Alex’s eyes roved restlessly across the park, seeing more and more blue clouds swirling out of people’s heads. A pigeon flew out of the sky to peck at the remains of a crust near her bench. The bird gaped at her with black shiny eyes, a thick blue smoke spiraling towards Alex.

“I want… I need to… some time…” her words faded, unable to articulate her thoughts, Alex got up from the bench. She kept her eyes fixed on the path before her, and jogged. Not wanting to see any more smoke, she broke into a run.

 

 
 
 

 

 

Alex ran from the park, stumbling past a couple of joggers and a gaggle of young mothers and their prams. A little girl skipped up to Alex, her hair a fiery red, her eyes a startling blue. For a second, Alex slowed to return the wide smile the child offered, but then thick smoke poured from the girl’s eyes.

“Get away!” Alex cried out, and pushed past the girl and ran out of the park entrance.

A long wail pierced the air, and one of the mothers called out, “Learn some manners!”

Alex dodged the traffic on the road, and without slowing her pace, tore up her street.
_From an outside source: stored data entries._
lemma plucker_triple_product_eq_0_iff:
  fixes a1 a2 a3 b1 b2 b3 :: "real^3"
  assumes unit: "a1 \<bullet> a1 = 1" "a2 \<bullet> a2 = 1" "a3 \<bullet> a3 = 1"
    and orth: "a1 \<bullet> b1 = 0" "a2 \<bullet> b2 = 0" "a3 \<bullet> b3 = 0"
  shows "(a1 \<bullet> (a2 \<times> a3) = 0 \<and> b1 \<bullet> (a2 \<times> a3) + a1 \<bullet> (b2 \<times> a3) + a1 \<bullet> (a2 \<times> b3) = 0) \<longleftrightarrow>
    ((\<forall>x\<in>{a1, a2, a3}. \<forall>y\<in>{a1, a2, a3}. \<exists>r. x = r *\<^sub>R y) \<or>
     (\<exists>p w. w \<noteq> 0 \<and> meets_orthogonally p w a1 b1 \<and> meets_orthogonally p w a2 b2 \<and>
        meets_orthogonally p w a3 b3))"
    (is "?T0 \<and> ?T1 \<longleftrightarrow> ?parallel \<or> ?perpendicular")
proof
  assume T: "?T0 \<and> ?T1"
  consider "a1 \<times> a2 \<noteq> 0" | "a1 \<times> a3 \<noteq> 0" | "a2 \<times> a3 \<noteq> 0"
    | "a1 \<times> a2 = 0" "a1 \<times> a3 = 0" "a2 \<times> a3 = 0" by blast
  then show "?parallel \<or> ?perpendicular"
  proof cases
    case 1
    then show ?thesis using common_perpendicular_exists[OF unit orth 1] 1 T by blast
  next
    case 2
    have "a1 \<bullet> (a3 \<times> a2) = 0" "b1 \<bullet> (a3 \<times> a2) + a1 \<bullet> (b3 \<times> a2) + a1 \<bullet> (a3 \<times> b2) = 0"
      using T by (simp_all add: cross3_simps)
    then show ?thesis using common_perpendicular_exists[OF unit(1,3,2) orth(1,3,2) 2] 2 by blast
  next
    case 3
    have "a2 \<bullet> (a3 \<times> a1) = 0" "b2 \<bullet> (a3 \<times> a1) + a2 \<bullet> (b3 \<times> a1) + a2 \<bullet> (a3 \<times> b1) = 0"
      using T by (simp_all add: cross3_simps)
    then show ?thesis using common_perpendicular_exists[OF unit(2,3,1) orth(2,3,1) 3] 3 by blast
  next
    case 4
    then have "x \<times> y = 0" if "x \<in> {a1, a2, a3}" "y \<in> {a1, a2, a3}" for x y
      using that by (auto simp: cross_skew[of a2 a1] cross_skew[of a3 a1] cross_skew[of a3 a2])
    then have ?parallel using unit cross_eq_0_imp_parallel by blast
    then show ?thesis ..
  qed
next
  assume "?parallel \<or> ?perpendicular"
  then show "?T0 \<and> ?T1"
  proof
    assume ?parallel
    then obtain r s where "a2 = r *\<^sub>R a1" "a3 = s *\<^sub>R a1" by blast
    then show ?thesis by (simp add: cross_mult_left cross_mult_right dot_cross_self)
  next
    assume ?perpendicular
    then show ?thesis using triple_product_derivative_eq_0_if_meets by blast
  qed
qed

section \<open>Dual numbers\<close>

lemma dual_eq_iff: "x = y \<longleftrightarrow> dRe x = dRe y \<and> dDu x = dDu y"
  by (cases x; cases y) auto

lemma dual_components [simp]:
  "dRe (x + y) = dRe x + dRe y" "dDu (x + y) = dDu x + dDu y"
  "dRe (x - y) = dRe x - dRe y" "dDu (x - y) = dDu x - dDu y"
  "dRe (- x) = - dRe x" "dDu (- x) = - dDu x"
  "dRe (x * y) = dRe x * dRe y" "dDu (x * y) = dRe x * dDu y + dDu x * dRe y"
  "dRe 0 = 0" "dDu 0 = 0" "dRe 1 = 1" "dDu 1 = 0" "dRe eps = 0" "dDu eps = 1"
  by (simp_all add: plus_dual_def minus_dual_def uminus_dual_def times_dual_def
      zero_dual_def one_dual_def eps_def)

lemma dRe_sum [simp]: "dRe (sum f A) = (\<Sum>i\<in>A. dRe (f i))"
  by (induction A rule: infinite_finite_induct) auto

lemma dDu_sum [simp]: "dDu (sum f A) = (\<Sum>i\<in>A. dDu (f i))"
  by (induction A rule: infinite_finite_induct) auto

definition dual_sqrt :: "dual \<Rightarrow> dual" where
  "dual_sqrt s = Dual (sqrt (dRe s)) (dDu s / (2 * sqrt (dRe s)))"

definition dual_inverse :: "dual \<Rightarrow> dual" where
  "dual_inverse s = Dual (1 / dRe s) (- dDu s / (dRe s)\<^sup>2)"

lemma dRe_dual_sqrt [simp]: "dRe (dual_sqrt s) = sqrt (dRe s)"
  by (simp add: dual_sqrt_def)

lemma dual_sqrt_square: "dRe s > 0 \<Longrightarrow> dual_sqrt s * dual_sqrt s = s"
  by (simp add: dual_sqrt_def dual_eq_iff field_simps)

lemma dual_sqrt_unique: "a > 0 \<Longrightarrow> dual_sqrt (Dual a b * Dual a b) = Dual a b"
  by (simp add: dual_sqrt_def dual_eq_iff)

lemma dual_inverse_mult: "dRe s \<noteq> 0 \<Longrightarrow> dual_inverse s * s = 1"
  by (simp add: dual_inverse_def dual_eq_iff field_simps power2_eq_square)

lemma dual_mult_left_cancel: "dRe c \<noteq> 0 \<Longrightarrow> c * x = c * y \<longleftrightarrow> x = y"
  by (metis dual_inverse_mult mult.assoc mult_1)

lemma dual_scaleM_left_cancel: "dRe c \<noteq> 0 \<Longrightarrow> c *s x = c *s y \<longleftrightarrow> x = (y :: dual^'n)"
  by (auto simp: vec_eq_iff dual_mult_left_cancel)

lemma epsM_iff: "x \<in> epsM \<longleftrightarrow> (\<forall>i. dRe (x $ i) = 0)"
proof
  assume "\<forall>i. dRe (x $ i) = 0"
  then have "x = eps *s (\<chi> i. Dual (dDu (x $ i)) 0)"
    by (auto simp: vec_eq_iff dual_eq_iff)
  then show "x \<in> epsM" unfolding epsM_def by blast
qed (auto simp: epsM_def)

section \<open>Bases and orientations of \<open>M\<close>\<close>

definition orthonormal :: "(dmod \<Rightarrow> dmod \<Rightarrow> dual) \<Rightarrow> (3 \<Rightarrow> dmod) \<Rightarrow> bool" where
  "orthonormal sp q \<longleftrightarrow> (\<forall>i j. sp (q i) (q j) = (if i = j then 1 else 0))"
A dirt alley just wide enough for a small car led down the side of an end terrace house. She propelled herself off the pavement and down the path to the back entrances of the rear gardens. Fence panels flew past, her breath tight in her chest, her legs getting the wobbly feeling that said she should stop. Three gates along, Alex finally slowed. She stumbled through into her own garden.

Locked in, the rough surface of the fence panels against her back, Alex’s eyes fell on the kitchen window. Someone moved within—her mother. Without a second thought, Alex darted into the shed, and slammed the door behind her.

Inside was damp, the scent of earth thick in the air. A dusty window looked out onto the garden, a sturdy wooden potting bench positioned along the same side. A leftover from her mother’s attempt at growing vegetables.

Alex wiped away the cobwebs and sat on the bench. The shed door moved a little.

“Can I come in?” It was Clive. Her ever faithful Rottweiler, following her wherever she went. Could she tie him to a tree and leave him behind?